**WHAT YOU NEED TO DO**
Range to output from the entries below: the line containing "proof (induction p" through the line containing "t) * inv_prefix_prod". Set it down exactly, ends included, nothing else.

Collected data entries:
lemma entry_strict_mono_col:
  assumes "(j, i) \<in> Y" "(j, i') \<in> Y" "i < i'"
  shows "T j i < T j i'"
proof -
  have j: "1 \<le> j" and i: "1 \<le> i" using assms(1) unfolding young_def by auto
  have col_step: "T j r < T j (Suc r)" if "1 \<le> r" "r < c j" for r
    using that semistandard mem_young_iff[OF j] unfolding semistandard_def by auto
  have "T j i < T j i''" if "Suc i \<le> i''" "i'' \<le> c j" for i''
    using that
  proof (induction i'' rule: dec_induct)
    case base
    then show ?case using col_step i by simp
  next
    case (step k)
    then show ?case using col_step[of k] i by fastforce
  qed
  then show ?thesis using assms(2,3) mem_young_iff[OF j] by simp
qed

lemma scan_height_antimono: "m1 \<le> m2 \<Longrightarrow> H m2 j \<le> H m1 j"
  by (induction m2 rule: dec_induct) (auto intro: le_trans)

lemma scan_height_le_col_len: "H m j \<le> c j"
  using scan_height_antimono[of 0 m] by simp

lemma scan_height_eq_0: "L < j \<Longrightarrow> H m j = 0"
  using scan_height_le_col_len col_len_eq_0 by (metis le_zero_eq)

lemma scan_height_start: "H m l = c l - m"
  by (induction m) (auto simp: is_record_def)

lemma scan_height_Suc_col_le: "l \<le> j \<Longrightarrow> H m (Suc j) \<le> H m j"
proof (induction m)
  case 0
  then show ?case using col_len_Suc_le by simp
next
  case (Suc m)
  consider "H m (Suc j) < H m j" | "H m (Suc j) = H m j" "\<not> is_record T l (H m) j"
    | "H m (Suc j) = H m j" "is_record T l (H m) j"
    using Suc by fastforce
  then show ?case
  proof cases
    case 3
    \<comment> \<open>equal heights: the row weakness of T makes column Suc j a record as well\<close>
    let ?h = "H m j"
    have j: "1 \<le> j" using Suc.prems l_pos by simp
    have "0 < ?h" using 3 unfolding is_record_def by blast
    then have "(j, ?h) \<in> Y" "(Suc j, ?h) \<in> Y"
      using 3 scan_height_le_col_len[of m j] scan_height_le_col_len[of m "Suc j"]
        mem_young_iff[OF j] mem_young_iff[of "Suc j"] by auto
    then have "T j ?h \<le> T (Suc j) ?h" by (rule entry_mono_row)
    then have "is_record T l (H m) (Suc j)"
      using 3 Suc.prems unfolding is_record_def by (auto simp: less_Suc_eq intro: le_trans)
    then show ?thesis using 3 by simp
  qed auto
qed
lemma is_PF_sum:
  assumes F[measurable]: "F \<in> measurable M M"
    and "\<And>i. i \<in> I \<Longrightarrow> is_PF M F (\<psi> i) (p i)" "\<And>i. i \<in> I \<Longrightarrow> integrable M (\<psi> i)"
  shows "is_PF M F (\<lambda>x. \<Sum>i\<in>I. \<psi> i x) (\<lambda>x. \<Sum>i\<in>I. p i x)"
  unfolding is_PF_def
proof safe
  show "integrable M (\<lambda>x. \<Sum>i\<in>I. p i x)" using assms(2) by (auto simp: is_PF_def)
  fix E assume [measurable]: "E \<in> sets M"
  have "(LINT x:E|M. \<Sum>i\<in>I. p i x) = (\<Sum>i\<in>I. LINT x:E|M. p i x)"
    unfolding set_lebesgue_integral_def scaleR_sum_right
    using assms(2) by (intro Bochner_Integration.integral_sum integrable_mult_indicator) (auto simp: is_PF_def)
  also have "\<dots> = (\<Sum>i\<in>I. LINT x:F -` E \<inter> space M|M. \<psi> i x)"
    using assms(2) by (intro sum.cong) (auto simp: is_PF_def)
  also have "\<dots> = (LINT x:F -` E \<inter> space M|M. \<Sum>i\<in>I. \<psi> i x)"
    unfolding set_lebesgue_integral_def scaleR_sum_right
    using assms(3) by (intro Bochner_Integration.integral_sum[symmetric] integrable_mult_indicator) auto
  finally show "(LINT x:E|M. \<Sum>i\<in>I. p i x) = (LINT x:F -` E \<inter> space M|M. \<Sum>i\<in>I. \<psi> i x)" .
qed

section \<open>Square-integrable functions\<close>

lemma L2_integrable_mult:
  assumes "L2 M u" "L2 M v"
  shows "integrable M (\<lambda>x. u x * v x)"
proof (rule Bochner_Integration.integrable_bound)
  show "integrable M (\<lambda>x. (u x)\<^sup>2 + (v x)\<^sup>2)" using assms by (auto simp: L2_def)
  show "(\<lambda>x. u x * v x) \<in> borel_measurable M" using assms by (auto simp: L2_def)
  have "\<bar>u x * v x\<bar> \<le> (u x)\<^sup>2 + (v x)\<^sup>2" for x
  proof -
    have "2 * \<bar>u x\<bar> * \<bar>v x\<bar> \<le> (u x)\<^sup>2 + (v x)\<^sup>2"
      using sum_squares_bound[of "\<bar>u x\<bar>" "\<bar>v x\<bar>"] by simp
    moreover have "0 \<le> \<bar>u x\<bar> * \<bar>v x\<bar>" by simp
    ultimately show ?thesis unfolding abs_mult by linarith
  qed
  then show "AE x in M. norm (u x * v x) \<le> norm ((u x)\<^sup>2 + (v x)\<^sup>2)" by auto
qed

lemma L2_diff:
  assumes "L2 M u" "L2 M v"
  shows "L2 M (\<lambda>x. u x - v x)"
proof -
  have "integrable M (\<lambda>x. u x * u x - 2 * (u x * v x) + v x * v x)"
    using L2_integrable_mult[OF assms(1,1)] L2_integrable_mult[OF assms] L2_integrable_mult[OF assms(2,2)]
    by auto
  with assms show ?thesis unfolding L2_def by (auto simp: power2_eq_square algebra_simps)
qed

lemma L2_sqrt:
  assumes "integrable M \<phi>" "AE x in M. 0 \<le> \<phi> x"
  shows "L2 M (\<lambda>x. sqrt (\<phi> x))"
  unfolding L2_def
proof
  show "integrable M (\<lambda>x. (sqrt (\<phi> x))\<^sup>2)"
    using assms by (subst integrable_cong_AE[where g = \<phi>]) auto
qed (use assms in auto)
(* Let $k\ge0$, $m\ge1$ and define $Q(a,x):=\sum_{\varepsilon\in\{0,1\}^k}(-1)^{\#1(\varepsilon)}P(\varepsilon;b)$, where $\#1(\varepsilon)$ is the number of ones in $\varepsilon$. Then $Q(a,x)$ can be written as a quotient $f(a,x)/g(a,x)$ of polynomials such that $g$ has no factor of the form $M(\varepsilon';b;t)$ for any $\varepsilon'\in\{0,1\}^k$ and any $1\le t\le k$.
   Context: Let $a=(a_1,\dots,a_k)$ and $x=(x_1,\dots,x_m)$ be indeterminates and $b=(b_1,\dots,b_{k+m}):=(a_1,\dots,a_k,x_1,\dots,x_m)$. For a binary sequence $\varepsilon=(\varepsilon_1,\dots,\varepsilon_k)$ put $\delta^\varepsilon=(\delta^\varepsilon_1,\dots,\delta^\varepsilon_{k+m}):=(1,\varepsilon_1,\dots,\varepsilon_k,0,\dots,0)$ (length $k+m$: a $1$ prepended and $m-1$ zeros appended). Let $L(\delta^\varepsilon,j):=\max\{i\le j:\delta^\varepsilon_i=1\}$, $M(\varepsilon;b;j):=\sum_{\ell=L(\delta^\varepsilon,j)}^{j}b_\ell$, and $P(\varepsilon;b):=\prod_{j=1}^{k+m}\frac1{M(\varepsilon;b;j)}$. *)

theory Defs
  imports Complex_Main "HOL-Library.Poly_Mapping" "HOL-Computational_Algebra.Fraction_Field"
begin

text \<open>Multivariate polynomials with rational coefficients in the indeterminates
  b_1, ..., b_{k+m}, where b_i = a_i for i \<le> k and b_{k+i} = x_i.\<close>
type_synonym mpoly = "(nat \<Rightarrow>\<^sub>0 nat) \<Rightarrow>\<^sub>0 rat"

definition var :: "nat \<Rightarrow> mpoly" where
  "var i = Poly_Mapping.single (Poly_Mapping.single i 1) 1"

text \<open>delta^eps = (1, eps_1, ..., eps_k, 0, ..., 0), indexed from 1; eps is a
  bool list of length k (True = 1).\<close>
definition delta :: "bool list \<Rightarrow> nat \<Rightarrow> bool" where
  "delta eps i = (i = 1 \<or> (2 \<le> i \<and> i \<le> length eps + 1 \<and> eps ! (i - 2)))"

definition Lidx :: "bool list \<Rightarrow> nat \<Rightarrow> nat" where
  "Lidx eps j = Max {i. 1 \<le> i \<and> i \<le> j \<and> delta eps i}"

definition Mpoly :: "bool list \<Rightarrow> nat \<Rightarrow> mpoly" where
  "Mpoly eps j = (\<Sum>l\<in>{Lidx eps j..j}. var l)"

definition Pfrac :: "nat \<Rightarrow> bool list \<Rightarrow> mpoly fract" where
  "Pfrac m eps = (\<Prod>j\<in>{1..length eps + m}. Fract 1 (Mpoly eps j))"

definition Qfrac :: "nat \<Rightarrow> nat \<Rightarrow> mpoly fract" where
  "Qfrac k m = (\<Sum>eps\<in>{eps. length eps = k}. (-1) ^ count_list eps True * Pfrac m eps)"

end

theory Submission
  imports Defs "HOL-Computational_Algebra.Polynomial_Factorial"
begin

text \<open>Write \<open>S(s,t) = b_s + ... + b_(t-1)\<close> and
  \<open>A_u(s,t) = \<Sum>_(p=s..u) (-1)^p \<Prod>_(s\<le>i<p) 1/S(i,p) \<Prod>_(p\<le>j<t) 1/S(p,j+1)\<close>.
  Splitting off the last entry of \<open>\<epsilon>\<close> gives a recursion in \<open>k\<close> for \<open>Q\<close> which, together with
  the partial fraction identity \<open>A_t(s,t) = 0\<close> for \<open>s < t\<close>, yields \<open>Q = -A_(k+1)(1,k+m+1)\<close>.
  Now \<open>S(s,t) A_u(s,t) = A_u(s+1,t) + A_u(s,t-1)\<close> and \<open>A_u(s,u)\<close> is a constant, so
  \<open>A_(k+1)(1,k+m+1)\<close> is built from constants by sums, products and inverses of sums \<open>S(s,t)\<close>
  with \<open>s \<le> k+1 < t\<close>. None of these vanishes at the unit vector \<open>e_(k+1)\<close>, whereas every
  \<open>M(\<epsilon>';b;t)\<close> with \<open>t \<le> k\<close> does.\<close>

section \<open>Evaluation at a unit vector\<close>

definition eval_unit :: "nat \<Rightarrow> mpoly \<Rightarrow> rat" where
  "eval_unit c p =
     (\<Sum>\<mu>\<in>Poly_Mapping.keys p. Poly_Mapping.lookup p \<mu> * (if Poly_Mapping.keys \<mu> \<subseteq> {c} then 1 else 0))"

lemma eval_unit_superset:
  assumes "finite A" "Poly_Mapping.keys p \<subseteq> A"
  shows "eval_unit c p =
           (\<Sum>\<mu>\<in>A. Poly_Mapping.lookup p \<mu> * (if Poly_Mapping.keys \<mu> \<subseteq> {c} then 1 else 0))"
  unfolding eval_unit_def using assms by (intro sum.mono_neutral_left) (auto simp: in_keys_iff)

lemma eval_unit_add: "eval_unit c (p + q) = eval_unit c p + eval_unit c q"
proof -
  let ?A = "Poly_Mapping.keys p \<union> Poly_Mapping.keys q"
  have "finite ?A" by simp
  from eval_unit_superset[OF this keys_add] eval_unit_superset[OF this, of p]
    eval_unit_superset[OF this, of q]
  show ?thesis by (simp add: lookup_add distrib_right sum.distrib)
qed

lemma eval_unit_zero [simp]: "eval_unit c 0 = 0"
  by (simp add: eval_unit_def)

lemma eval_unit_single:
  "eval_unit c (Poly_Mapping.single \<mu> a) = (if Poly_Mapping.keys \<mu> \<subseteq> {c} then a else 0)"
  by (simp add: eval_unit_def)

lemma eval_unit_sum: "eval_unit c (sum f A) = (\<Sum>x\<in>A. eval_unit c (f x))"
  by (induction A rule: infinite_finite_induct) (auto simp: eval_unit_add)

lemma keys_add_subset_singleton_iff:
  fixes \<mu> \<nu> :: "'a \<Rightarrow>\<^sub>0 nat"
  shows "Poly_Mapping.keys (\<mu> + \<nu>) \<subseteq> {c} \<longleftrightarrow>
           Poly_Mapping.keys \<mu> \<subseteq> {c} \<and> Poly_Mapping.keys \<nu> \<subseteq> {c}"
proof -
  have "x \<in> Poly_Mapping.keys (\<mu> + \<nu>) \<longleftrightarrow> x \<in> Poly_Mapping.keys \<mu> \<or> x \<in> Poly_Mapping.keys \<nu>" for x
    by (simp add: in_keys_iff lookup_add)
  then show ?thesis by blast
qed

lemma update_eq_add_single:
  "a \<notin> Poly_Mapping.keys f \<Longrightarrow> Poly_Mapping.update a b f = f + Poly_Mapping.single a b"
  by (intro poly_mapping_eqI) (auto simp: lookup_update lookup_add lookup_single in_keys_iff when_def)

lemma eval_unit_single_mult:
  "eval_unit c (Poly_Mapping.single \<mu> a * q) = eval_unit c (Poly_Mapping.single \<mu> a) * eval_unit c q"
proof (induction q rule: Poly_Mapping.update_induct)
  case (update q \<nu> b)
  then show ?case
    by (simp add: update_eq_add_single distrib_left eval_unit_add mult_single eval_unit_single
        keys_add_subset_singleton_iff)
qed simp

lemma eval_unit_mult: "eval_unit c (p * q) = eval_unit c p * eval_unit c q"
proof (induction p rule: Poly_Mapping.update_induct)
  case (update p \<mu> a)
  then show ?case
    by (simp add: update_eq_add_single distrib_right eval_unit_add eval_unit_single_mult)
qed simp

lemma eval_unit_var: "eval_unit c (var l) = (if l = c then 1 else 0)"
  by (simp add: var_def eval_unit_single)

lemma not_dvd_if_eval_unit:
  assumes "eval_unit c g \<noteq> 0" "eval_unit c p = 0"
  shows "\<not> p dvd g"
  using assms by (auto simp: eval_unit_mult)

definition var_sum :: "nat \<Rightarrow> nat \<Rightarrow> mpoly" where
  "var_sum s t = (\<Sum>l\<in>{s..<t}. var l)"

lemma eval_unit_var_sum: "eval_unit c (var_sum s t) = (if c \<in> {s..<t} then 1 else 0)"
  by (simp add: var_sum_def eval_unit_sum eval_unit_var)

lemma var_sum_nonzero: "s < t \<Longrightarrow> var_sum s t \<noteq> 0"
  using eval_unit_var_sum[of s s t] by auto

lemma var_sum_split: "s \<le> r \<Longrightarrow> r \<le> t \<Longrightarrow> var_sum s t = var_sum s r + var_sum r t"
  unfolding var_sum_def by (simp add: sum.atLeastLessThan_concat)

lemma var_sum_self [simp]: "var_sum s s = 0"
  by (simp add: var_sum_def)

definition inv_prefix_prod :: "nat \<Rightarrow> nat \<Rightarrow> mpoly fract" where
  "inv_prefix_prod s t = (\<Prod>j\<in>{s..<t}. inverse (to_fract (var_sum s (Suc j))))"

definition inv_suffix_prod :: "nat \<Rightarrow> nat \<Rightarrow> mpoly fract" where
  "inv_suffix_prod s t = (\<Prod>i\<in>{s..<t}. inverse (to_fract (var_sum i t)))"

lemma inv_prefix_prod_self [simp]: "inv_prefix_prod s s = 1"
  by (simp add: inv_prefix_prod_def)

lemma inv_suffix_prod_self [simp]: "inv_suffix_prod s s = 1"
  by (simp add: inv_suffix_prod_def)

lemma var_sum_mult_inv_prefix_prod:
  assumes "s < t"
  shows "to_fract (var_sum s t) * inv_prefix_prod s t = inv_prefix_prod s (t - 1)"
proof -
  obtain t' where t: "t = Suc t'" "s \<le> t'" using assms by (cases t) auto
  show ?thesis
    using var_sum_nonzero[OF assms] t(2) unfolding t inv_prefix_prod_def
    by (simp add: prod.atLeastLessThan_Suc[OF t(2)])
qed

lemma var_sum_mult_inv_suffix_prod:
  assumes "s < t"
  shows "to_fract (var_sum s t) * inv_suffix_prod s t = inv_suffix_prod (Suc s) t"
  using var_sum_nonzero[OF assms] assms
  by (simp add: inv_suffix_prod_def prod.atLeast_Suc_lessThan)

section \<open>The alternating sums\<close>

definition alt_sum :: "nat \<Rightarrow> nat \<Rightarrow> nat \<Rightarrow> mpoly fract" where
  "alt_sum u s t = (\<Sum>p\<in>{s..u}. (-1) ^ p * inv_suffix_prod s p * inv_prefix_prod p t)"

**EXERCISE RESPONSE**
proof (induction p rule: Poly_Mapping.update_induct)
  case (update p \<mu> a)
  then show ?case
    by (simp add: update_eq_add_single distrib_right eval_unit_add eval_unit_single_mult)
qed simp

lemma eval_unit_var: "eval_unit c (var l) = (if l = c then 1 else 0)"
  by (simp add: var_def eval_unit_single)

lemma not_dvd_if_eval_unit:
  assumes "eval_unit c g \<noteq> 0" "eval_unit c p = 0"
  shows "\<not> p dvd g"
  using assms by (auto simp: eval_unit_mult)

definition var_sum :: "nat \<Rightarrow> nat \<Rightarrow> mpoly" where
  "var_sum s t = (\<Sum>l\<in>{s..<t}. var l)"

lemma eval_unit_var_sum: "eval_unit c (var_sum s t) = (if c \<in> {s..<t} then 1 else 0)"
  by (simp add: var_sum_def eval_unit_sum eval_unit_var)

lemma var_sum_nonzero: "s < t \<Longrightarrow> var_sum s t \<noteq> 0"
  using eval_unit_var_sum[of s s t] by auto

lemma var_sum_split: "s \<le> r \<Longrightarrow> r \<le> t \<Longrightarrow> var_sum s t = var_sum s r + var_sum r t"
  unfolding var_sum_def by (simp add: sum.atLeastLessThan_concat)

lemma var_sum_self [simp]: "var_sum s s = 0"
  by (simp add: var_sum_def)

definition inv_prefix_prod :: "nat \<Rightarrow> nat \<Rightarrow> mpoly fract" where
  "inv_prefix_prod s t = (\<Prod>j\<in>{s..<t}. inverse (to_fract (var_sum s (Suc j))))"

definition inv_suffix_prod :: "nat \<Rightarrow> nat \<Rightarrow> mpoly fract" where
  "inv_suffix_prod s t = (\<Prod>i\<in>{s..<t}. inverse (to_fract (var_sum i t)))"

lemma inv_prefix_prod_self [simp]: "inv_prefix_prod s s = 1"
  by (simp add: inv_prefix_prod_def)

lemma inv_suffix_prod_self [simp]: "inv_suffix_prod s s = 1"
  by (simp add: inv_suffix_prod_def)

lemma var_sum_mult_inv_prefix_prod:
  assumes "s < t"
  shows "to_fract (var_sum s t) * inv_prefix_prod s t = inv_prefix_prod s (t - 1)"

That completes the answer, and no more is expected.